C does not allow you to define nested functions.
Pass-by-value
In C, arguments to functions are passed by value. That means when you call
the myfunc2
function above, the integer value you provide as an argument
is copied into a new integer, which is the one that myfunc2
will use.
myfunc2
is free to change myarg
all it likes, because it's a new variable
local to the function.
void bad_increment(int val) {
++val;
printf("new value: %d\n", val); // prints out 5
return;
}
int myval = 4;
bad_increment(myval);
printf("final value: %d\n", myval); // prints out 4
return
The aforementioned return
statement establishes the returned value of the
function and resumes program execution immediately after the function call.
The argument to return
is just any ol' arbitrary expression. For functions
that don't return anything, you can leave the expression out completely.
If a function does have a return type and you don't specify a return
, it
is said to "fall off the end". The compiler will ensure that a value will
be safely returned to the caller (as opposed to corrupting the stack), but
the value will be garbage.
varargs
C supports variable-length function arguments, which lets you can pass any
number of things of arbitrary mixed types to a function without running
afoul of the compiler.
This is best explained with an example:
void myfunc(int req_arg, ...) {
// we'll always have 'req_arg', but we'll have other things after it as well:
va_list ap;
va_start(ap, req_arg); // 'ap' points to first thing after 'req_arg'
while (...still have args to handle..) {
if (arg-is-an-int)
int i = va_arg(ap, int);
else if (arg-is-a-float)
float f = va_arg(ap, float);
else if (arg-is-a-string)
char *s = va_arg(ap, char*);
}
va_end(ap);
}
The example from K&R is basically what printf
does, so it gets the
number of args to handle by looking through the fmt
arg for "%"
constructs. The above example is complete crap, meant for you to just get the
idea.
Arcania
Functions were used long before they were standardized, so you may see a few
odd things. I'm explaining them so that you'll know what they are, not so
that you'll use them.
First, if you don't specify a return type for the function, it assumes
int
. One would think void
, but no.
Next, if you don't specify any arguments, it turns off the compiler argument checking. This
is for backwards compatibility with very old code that predates the ability
to declare arguments. If you want to declare a function that has no arguments,
you should declare the argument list as simply void
.
Next, the initial (pre-ANSI) version of C split arguments and their types:
void myfunc(arg1, arg2)
int arg1;
char *arg2;
{
..
}
Memory management
When you need to get some memory for a new variable, there are two mechanisms
for how you can get it: automatically, or dynamically.
"Automatic" variables are allocated via a global stack.
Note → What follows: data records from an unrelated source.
definition adj :: "'d set \<Rightarrow> ('d \<Rightarrow> 'd) \<Rightarrow> ('d \<Rightarrow> 'v) \<Rightarrow> ('v \<times> 'v) set" where
  "adj D \<alpha> h = {(h d, h (\<alpha> d)) | d. d \<in> D}"

definition connected_graph :: "'v set \<Rightarrow> 'd set \<Rightarrow> ('d \<Rightarrow> 'd) \<Rightarrow> ('d \<Rightarrow> 'v) \<Rightarrow> bool" where
  "connected_graph V D \<alpha> h \<longleftrightarrow> V \<noteq> {} \<and> (\<forall>u\<in>V. \<forall>w\<in>V. (u, w) \<in> (adj D \<alpha> h)\<^sup>*)"

text \<open>Cycle rank (Betti number) \<beta>(H) = |E(H)| - |V(H)| + 1; |E| = |D| / 2.\<close>
definition beta :: "'v set \<Rightarrow> 'd set \<Rightarrow> int" where
  "beta V D = int (card D div 2) - int (card V) + 1"

definition orb :: "('d \<Rightarrow> 'd) \<Rightarrow> 'd \<Rightarrow> 'd set" where
  "orb f d = {(f ^^ n) d | n. True}"

definition rotation_system :: "'d set \<Rightarrow> ('d \<Rightarrow> 'v) \<Rightarrow> ('d \<Rightarrow> 'd) \<Rightarrow> bool" where
  "rotation_system D h \<sigma> \<longleftrightarrow> bij_betw \<sigma> D D \<and>
     (\<forall>d\<in>D. orb \<sigma> d = {d'\<in>D. h d' = h d})"

text \<open>Number of faces of the cellular orientable embedding determined by \<sigma>
  (Heffter-Edmonds face tracing): the orbits of \<sigma> \<circ> \<alpha> on the darts.
  A graph without edges (a single vertex in the connected case) has one face.\<close>
definition num_faces :: "'d set \<Rightarrow> ('d \<Rightarrow> 'd) \<Rightarrow> ('d \<Rightarrow> 'd) \<Rightarrow> nat" where
  "num_faces D \<alpha> \<sigma> = (if D = {} then 1 else card ((\<lambda>d. orb (\<sigma> \<circ> \<alpha>) d) ` D))"

definition upper_embeddable :: "'v set \<Rightarrow> 'd set \<Rightarrow> ('d \<Rightarrow> 'd) \<Rightarrow> ('d \<Rightarrow> 'v) \<Rightarrow> bool" where
  "upper_embeddable V D \<alpha> h \<longleftrightarrow> graph V D \<alpha> h \<and> connected_graph V D \<alpha> h \<and>
     (\<exists>\<sigma>. rotation_system D h \<sigma> \<and> num_faces D \<alpha> \<sigma> \<le> 2)"

definition two_face_embeddable :: "'v set \<Rightarrow> 'd set \<Rightarrow> ('d \<Rightarrow> 'd) \<Rightarrow> ('d \<Rightarrow> 'v) \<Rightarrow> bool" where
  "two_face_embeddable V D \<alpha> h \<longleftrightarrow> cubic V D \<alpha> h \<and> upper_embeddable V D \<alpha> h \<and> odd (beta V D)"

definition del_darts :: "'d set \<Rightarrow> ('d \<Rightarrow> 'd) \<Rightarrow> ('d \<Rightarrow> 'v) \<Rightarrow> 'v set \<Rightarrow> 'd set" where
  "del_darts D \<alpha> h S = {d\<in>D. h d \<notin> S \<and> h (\<alpha> d) \<notin> S}"

definition is_bridge :: "'d set \<Rightarrow> ('d \<Rightarrow> 'd) \<Rightarrow> ('d \<Rightarrow> 'v) \<Rightarrow> 'd \<Rightarrow> bool" where
  "is_bridge D \<alpha> h d \<longleftrightarrow> (h d, h (\<alpha> d)) \<notin> (adj (D - {d, \<alpha> d}) \<alpha> h)\<^sup>*"

definition removable :: "'v set \<Rightarrow> 'd set \<Rightarrow> ('d \<Rightarrow> 'd) \<Rightarrow> ('d \<Rightarrow> 'v) \<Rightarrow> 'v \<Rightarrow> 'v \<Rightarrow> bool" where
  "removable V D \<alpha> h x y \<longleftrightarrow> x \<in> V \<and> y \<in> V \<and> x \<noteq> y \<and>
     (\<exists>d\<in>D. {e\<in>D. h e = x \<and> h (\<alpha> e) = y} = {d} \<and> \<not> is_bridge D \<alpha> h d) \<and>
     upper_embeddable (V - {x, y}) (del_darts D \<alpha> h {x, y}) \<alpha> h"

definition amply_upper_embeddable :: "'v set \<Rightarrow> 'd set \<Rightarrow> ('d \<Rightarrow> 'd) \<Rightarrow> ('d \<Rightarrow> 'v) \<Rightarrow> bool" where
  "amply_upper_embeddable V D \<alpha> h \<longleftrightarrow> upper_embeddable V D \<alpha> h \<and> (\<exists>x y. removable V D \<alpha> h x y)"

definition tightly_two_face_embeddable :: "'v set \<Rightarrow> 'd set \<Rightarrow> ('d \<Rightarrow> 'd) \<Rightarrow> ('d \<Rightarrow> 'v) \<Rightarrow> bool" where
  "tightly_two_face_embeddable V D \<alpha> h \<longleftrightarrow>
     two_face_embeddable V D \<alpha> h \<and> \<not> amply_upper_embeddable V D \<alpha> h"

end

(* The sign of a permutation of n points with c cycles is (-1)^(n - c). The face
   permutation \<sigma> \<circ> \<alpha> of a rotation system is the product of the rotation \<sigma>, whose
   cycles are the vertices, and the edge involution \<alpha>, whose cycles are the edges;
   comparing signs on the 2|E| darts shows that the number of faces has the parity of
   |V| - |E| = 1 - \<beta>. A loop at a vertex of degree at most three yields a face of length
   one in every rotation system, so an upper-embeddable cubic graph with a loop has exactly
   two faces and \<beta> odd. If {x, y} were removable, neither x nor y could carry a loop (it
   would make the edge xy a bridge), so the loop survives in G - {x, y}, which is
   upper-embeddable and hence also has odd \<beta>; but deleting x and y removes two vertices
   and five edges, so \<beta> drops by 3. *)

theory Submission
  imports Defs "HOL-Combinatorics.Orbits"
begin

lemma permutation_orbit_eq:
  "permutation p \<Longrightarrow> y \<in> orbit p x \<Longrightarrow> orbit p y = orbit p x"
  by (metis cyclic_on_orbit' orbit_cyclic_eq3)

lemma orbit_transpose_comp:
  assumes inj: "inj p" and x: "x \<noteq> e"
  shows "orbit (Transposition.transpose e (p e) \<circ> p) x = orbit p x - {e}"
proof -
  define q where "q = Transposition.transpose e (p e) \<circ> p"
  have q: "q y = (if p y = e then p e else p y)" if "y \<noteq> e" for y
    using that inj by (auto simp: q_def transpose_def dest: injD)
  have q_in: "q y \<in> orbit p x - {e}" if "y \<noteq> e" "p y \<in> orbit p x" for y
  proof (cases "p y = e")
    case True
    then have "p e \<noteq> e" using \<open>y \<noteq> e\<close> inj by (metis injD)
    then show ?thesis
      using True q[OF \<open>y \<noteq> e\<close>] orbit.step[OF \<open>p y \<in> orbit p x\<close>] by simp
  next
    case False
    then show ?thesis using q[OF \<open>y \<noteq> e\<close>] \<open>p y \<in> orbit p x\<close> by simp
  qed
  have "orbit q x \<subseteq> orbit p x - {e}"
  proof
    fix y assume "y \<in> orbit q x"
    then show "y \<in> orbit p x - {e}"
    proof induction
      case base
      show ?case using q_in[OF x orbit.base] .
    next
      case (step y)
      then show ?case using q_in[of y] orbit.step[of y p x] by blast
    qed
  qed
  moreover
  \<comment> \<open>Along the p-orbit, q jumps from the predecessor of e directly to p e.\<close>
  have "if y = e then p e = e \<or> p e \<in> orbit q x else y \<in> orbit q x"
    if "y \<in> orbit p x" for y
    using that
  proof induction
    case base
    show ?case using q[OF x] orbit.base[of q x] by (auto split: if_splits)
  next
    case (step y)
    show ?case
    proof (cases "y = e")
      case True
      then show ?thesis using step.IH by auto
    next
      case False
      then have "y \<in> orbit q x" using step.IH by simp
      then have "q y \<in> orbit q x" by (rule orbit.step)
      then show ?thesis using q[OF False] by (auto split: if_splits)
    qed
  qed
  then have "orbit p x - {e} \<subseteq> orbit q x"
    by (metis DiffE singletonI subsetI)
  ultimately show ?thesis
    unfolding q_def by blast
qed

lemma card_orbits_transpose_comp:
  assumes fin: "finite F" and e: "e \<notin> F" and p: "p permutes insert e F"
  shows "card (orbit p ` insert e F)
    = card (orbit (Transposition.transpose e (p e) \<circ> p) ` F) + (if p e = e then 1 else 0)"
proof -
  define q where "q = Transposition.transpose e (p e) \<circ> p"
  have perm: "permutation p"
    using fin p by (auto simp: permutation_permutes)
  have orbit_q: "orbit q x = orbit p x - {e}" if "x \<in> F" for x
    unfolding q_def using permutes_inj[OF p] that e by (intro orbit_transpose_comp) auto
  have self_in: "x \<in> orbit p x" for x
    using perm by (rule permutation_self_in_orbit)
  show ?thesis
  proof (cases "p e = e")
    case True
    have "e \<notin> orbit p x" if "x \<in> F" for x
      using permutation_orbit_eq[OF perm, of e x] orbit_eq_singleton_iff[of p e] True self_in[of x]
        that e by auto
    then have "orbit q ` F = orbit p ` F"
      using orbit_q by (auto intro!: image_cong)
    moreover have "orbit p ` insert e F = insert {e} (orbit p ` F)"
      using True orbit_eq_singleton_iff[of p e] by simp
    moreover have "{e} \<notin> orbit p ` F"
      by (metis imageE e self_in singletonD)
    ultimately show ?thesis
      unfolding q_def[symmetric] using True fin by simp
  next
    case False
    then have "p e \<in> F"
      using permutes_in_image[OF p, of e] by simp
    then have "orbit p ` insert e F = orbit p ` F"
      using permutation_orbit_step[OF perm, of e] by auto
    moreover have "inj_on (\<lambda>X. X - {e}) (orbit p ` F)"
    proof (rule inj_onI)
      fix X Y assume "X \<in> orbit p ` F" "Y \<in> orbit p ` F" "X - {e} = Y - {e}"
      then obtain x y where "x \<in> F" "y \<in> F" "X = orbit p x" "Y = orbit p y" "x \<in> Y"
        using self_in e by blast
      then show "X = Y" using permutation_orbit_eq[OF perm] by auto
    qed
    moreover have "orbit q ` F = (\<lambda>X. X - {e}) ` orbit p ` F"
      using orbit_q by (auto simp: image_image intro!: image_cong)
    ultimately show ?thesis
      unfolding q_def[symmetric] using False by (simp add: card_image)
  qed
qed

lemma evenperm_iff_card_orbits:
  assumes "finite S" "p permutes S"
  shows "evenperm p \<longleftrightarrow> even (card S - card (orbit p ` S))"
  using assms
proof (induction S arbitrary: p rule: finite_induct)
  case empty
  then show ?case by simp
next
  case (insert e F)
  \<comment> \<open>q cuts e out of its cycle: the sign flips iff p e \<noteq> e, and a cycle is lost iff p e = e.\<close>
  define q where "q = Transposition.transpose e (p e) \<circ> p"
  have "p e \<in> insert e F"
    using permutes_in_image[OF insert.prems, of e] by simp
  then have "q permutes insert e F"
    unfolding q_def using insert.prems by (intro permutes_compose permutes_swap_id) auto
  then have "q permutes F"
    by (rule permutes_superset) (auto simp: q_def)
  then have "evenperm q \<longleftrightarrow> even (card F - card (orbit q ` F))"
    by (rule insert.IH)
  moreover have "permutation p"
    using insert.hyps(1) insert.prems by (auto simp: permutation_permutes)
  then have "evenperm q \<longleftrightarrow> (e = p e) = evenperm p"
    unfolding q_def by (simp add: evenperm_comp[OF permutation_swap_id] evenperm_swap)
  moreover have "card (orbit q ` F) \<le> card F"
    using insert.hyps(1) by (rule card_image_le)
  ultimately show ?case
    using card_orbits_transpose_comp[OF insert.hyps insert.prems] insert.hyps
    unfolding q_def[symmetric] by auto
qed

lemma sum_card_orbits:
  assumes "finite S" "p permutes S"
  shows "(\<Sum>X\<in>orbit p ` S. card X) = card S"
proof -
  have perm: "permutation p"
    using assms by (auto simp: permutation_permutes)
  have "\<Union>(orbit p ` S) = S"
    using permutes_orbit_subset[OF assms(2)] permutation_self_in_orbit[OF perm] by blast
  moreover have "pairwise disjnt (orbit p ` S)"
    by (auto simp: pairwise_def disjnt_def dest: permutation_orbit_eq[OF perm])
  moreover have "finite X" if "X \<in> orbit p ` S" for X
    using that permutes_orbit_subset[OF assms(2)] finite_subset assms(1) by blast
  ultimately show ?thesis
    using card_Union_disjoint[of "orbit p ` S"] by simp
qed

lemma card_eq_twice_card_orbits_involution:
  assumes "finite S" "a permutes S" and "\<And>x. x \<in> S \<Longrightarrow> a x \<noteq> x \<and> a (a x) = x"
  shows "card S = 2 * card (orbit a ` S)"
proof -
  have "orbit a x = {x, a x}" if "x \<in> S" for x
  proof -
    have "(a ^^ 2) x = x" using assms(3)[OF that] by (simp add: numeral_2_eq_2)
    then have "orbit a x = {(a ^^ m) x | m. m < 2}" by (rule orbit_altdef_bounded) simp
    also have "\<dots> = {x, a x}"
      by (auto simp: less_2_cases_iff intro: exI[of _ 0] exI[of _ "Suc 0"])
    finally show ?thesis .
  qed
  then have "card X = 2" if "X \<in> orbit a ` S" for X
    using that assms(3) by (metis (no_types, lifting) card_2_iff imageE)
  then show ?thesis
    using sum_card_orbits[OF assms(1,2)] by simp
qed

lemma permutes_perm_restrict:
  "bij_betw f A A \<Longrightarrow> perm_restrict f A permutes A"
  by (rule bij_imp_permutes) (auto simp: perm_restrict_def bij_betw_def inj_on_def)

lemma perm_restrict_comp:
  "g ` A \<subseteq> A \<Longrightarrow> perm_restrict f A \<circ> perm_restrict g A = perm_restrict (f \<circ> g) A"
  by (auto simp: perm_restrict_def fun_eq_iff)

lemma orb_eq_orbit_perm_restrict:
  assumes "finite A" "bij_betw f A A" "x \<in> A"
  shows "orb f x = orbit (perm_restrict f A) x"
proof -
  have "permutation (perm_restrict f A)"
    using assms(1) permutes_perm_restrict[OF assms(2)] by (auto simp: permutation_permutes)
  moreover have "(perm_restrict f A ^^ n) x = (f ^^ n) x \<and> (f ^^ n) x \<in> A" for n
    using assms(2,3) by (induction n) (auto simp: perm_restrict_def bij_betw_def)
  ultimately show ?thesis
    unfolding orb_def by (simp add: orbit_altdef_permutation)
qed

lemma graphD:
  assumes "graph V D \<alpha> h" "d \<in> D"
  shows "\<alpha> d \<in> D" "\<alpha> d \<noteq> d" "\<alpha> (\<alpha> d) = d" "h d \<in> V"
  using assms unfolding graph_def by auto

lemma graph_finite:
  assumes "graph V D \<alpha> h"
  shows "finite V" "finite D"
  using assms unfolding graph_def by auto

lemma graph_bij_betw_alpha: "graph V D \<alpha> h \<Longrightarrow> bij_betw \<alpha> D D"
  by (rule bij_betw_byWitness[where f' = \<alpha>]) (auto simp: graphD)

lemma orbit_rotation_system:
  assumes "finite D" "rotation_system D h \<sigma>" "d \<in> D"
  shows "orbit (perm_restrict \<sigma> D) d = {d'\<in>D. h d' = h d}"
  using assms orb_eq_orbit_perm_restrict unfolding rotation_system_def by metis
When you declare
int x;
the program pushes sizeof(int)
bytes onto the stack, and x
becomes a refence to those bytes. x is not a pointer; using x gets
you the actual value in those bytes, but you can take the address of x
and see where it is in memory. When x goes out of scope, the program
pops those bytes back off the stack. All of this stack and scope manipulation
is done behind the scenes for you, which is why these are called automatic
variables.
int a;
a = 42;
Dynamic memory is allocated via a global pool. When you declare int *x
the
program pushes the size of a pointer (sizeof(int*)
) onto the stack, and x
becomes a reference to those bytes. However, the contents of those bytes is
an address (the address of an int!), so you need to point x to
sizeof(int)
bytes so that you can use it as an int
. You do this manually
by calling malloc
to request the memory. It finds enough space from
whatever's left in the pool and returns that address. When you're done with
it you call free
to return the memory to the pool.
int *a = malloc(sizeof(int));
*a = 42;
free(a);
Dynamic memory is useful because it outlives lexical scoping -- if you have a
function that returns something that needs to be allocated, then dynamic
memory is your only choice since automatic memory goes out of scope as soon as
the function exits.
Dynamic memory is also a pain in the butt because it's a manual process. If
you forget to free
when you're done, you have a memory leak; if you call
free
on the same address more than once, it's usually bad; worse, free
does not reset pointers to zero, so none of the N pointers to your int know
that they're now pointing to garbage. Worst, it's not always clear whether you
should free
a pointer or not:
// declare some external function to get some name:
char *get_name();
// call it:
char *myname = get_name();
// At this point, is 'myname' pointing to the same thing that get_name stores internally,
// or did get_name make a copy for me?
// - If the former, I cannot free it because get_name is still using it;
// - If the latter, I must free it to avoid a memory leak.
// Oh bother.
A few more functions you might want to know about:
- calloc: like malloc but initializes memory to 0.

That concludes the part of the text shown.